[[ Records open ]]
lemma arc_closure_cases:
  assumes y: "y \<in> arc_closure" "y \<notin> arc_image"
  obtains l where "gap_level y l"
proof -
  define S where "S = {r. y \<in> arc_segment 0 r}"
  have "1 \<in> S"
    using y(1) by (simp add: S_def arc_segment_0_1)
  have pos: "0 < r" if "r \<in> S" for r
  proof (rule ccontr)
    assume "\<not> 0 < r"
    then have "arc_segment 0 r = {}"
      by (intro arc_segment_empty) simp
    with that show False
      by (simp add: S_def)
  qed
  then have bdd: "bdd_below S"
    by (intro bdd_below.I[of _ 0]) (simp add: less_imp_le)
  define l where "l = Inf S"
  have "l \<le> 1"
    unfolding l_def by (rule cInf_lower[OF \<open>1 \<in> S\<close> bdd])
  have "0 \<le> l"
    unfolding l_def using \<open>1 \<in> S\<close> pos by (intro cInf_greatest) (auto simp: less_imp_le)
  have below: "y \<notin> arc_segment 0 r" if "r < l" for r
  proof
    assume "y \<in> arc_segment 0 r"
    then have "l \<le> r"
      unfolding l_def by (intro cInf_lower[OF _ bdd]) (simp add: S_def)
    with that show False
      by simp
  qed
  have above: "y \<in> arc_segment 0 r" if "l < r" for r
  proof -
    obtain r' where "r' \<in> S" "r' < r"
      using cInf_lessD[of S r] \<open>l < r\<close> \<open>1 \<in> S\<close> unfolding l_def by blast
    then show ?thesis
      using arc_segment_mono[of 0 0 r' r] by (auto simp: S_def)
  qed
  have "y \<in> arc_segment 0 l"
  proof (cases "l = 1")
    case True
    with \<open>1 \<in> S\<close> show ?thesis
      by (simp add: S_def)
  next
    case False
    with \<open>0 \<le> l\<close> \<open>l \<le> 1\<close> have "l \<in> {0..<1}"
      by simp
    moreover have "y \<in> topspace X"
      using y(1) arc_closure_subset_topspace by blast
    ultimately show ?thesis
      using in_arc_segment_from_right y(2) above by blast
  qed
  moreover from this have "0 < l"
    using pos unfolding S_def by blast
  ultimately have "gap_level y l"
    using y(2) \<open>l \<le> 1\<close> below unfolding gap_level_def by blast
  then show ?thesis
    by (rule that)
qed

text \<open>Every point of the preimage of the arc closure has one of countably many types, indexed by a
  scale n and, for gap points, by the window k/n \<le> l < (k+1)/n of the level.  The defining property
  persists for 1/n to the right, which makes the witnesses r and l monotone along each type.\<close>

definition arc_type :: "nat \<Rightarrow> real \<Rightarrow> real \<Rightarrow> bool" where
  "arc_type n t r \<longleftrightarrow>
     0 < n \<and> r \<in> {0..<1} \<and> f t = e r \<and> (\<forall>x\<in>{t..<t + 1 / real n}. f x \<notin> arc_segment 0 r)"

definition gap_type :: "nat \<Rightarrow> nat \<Rightarrow> real \<Rightarrow> real \<Rightarrow> bool" where
  "gap_type n k t l \<longleftrightarrow>
     0 < n \<and> gap_level (f t) l \<and> real k \<le> l * real n \<and> l * real n < real k + 1 \<and>
     (\<forall>x\<in>{t..<t + 1 / real n}. f x \<notin> arc_segment l (l + 1 / real n))"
[[ Records closed ]]
## Required action
For the string "longleftrightarrow", show each line of the entries above where it occurs.

## Reply
  "arc_type n t r \<longleftrightarrow>
  "gap_type n k t l \<longleftrightarrow>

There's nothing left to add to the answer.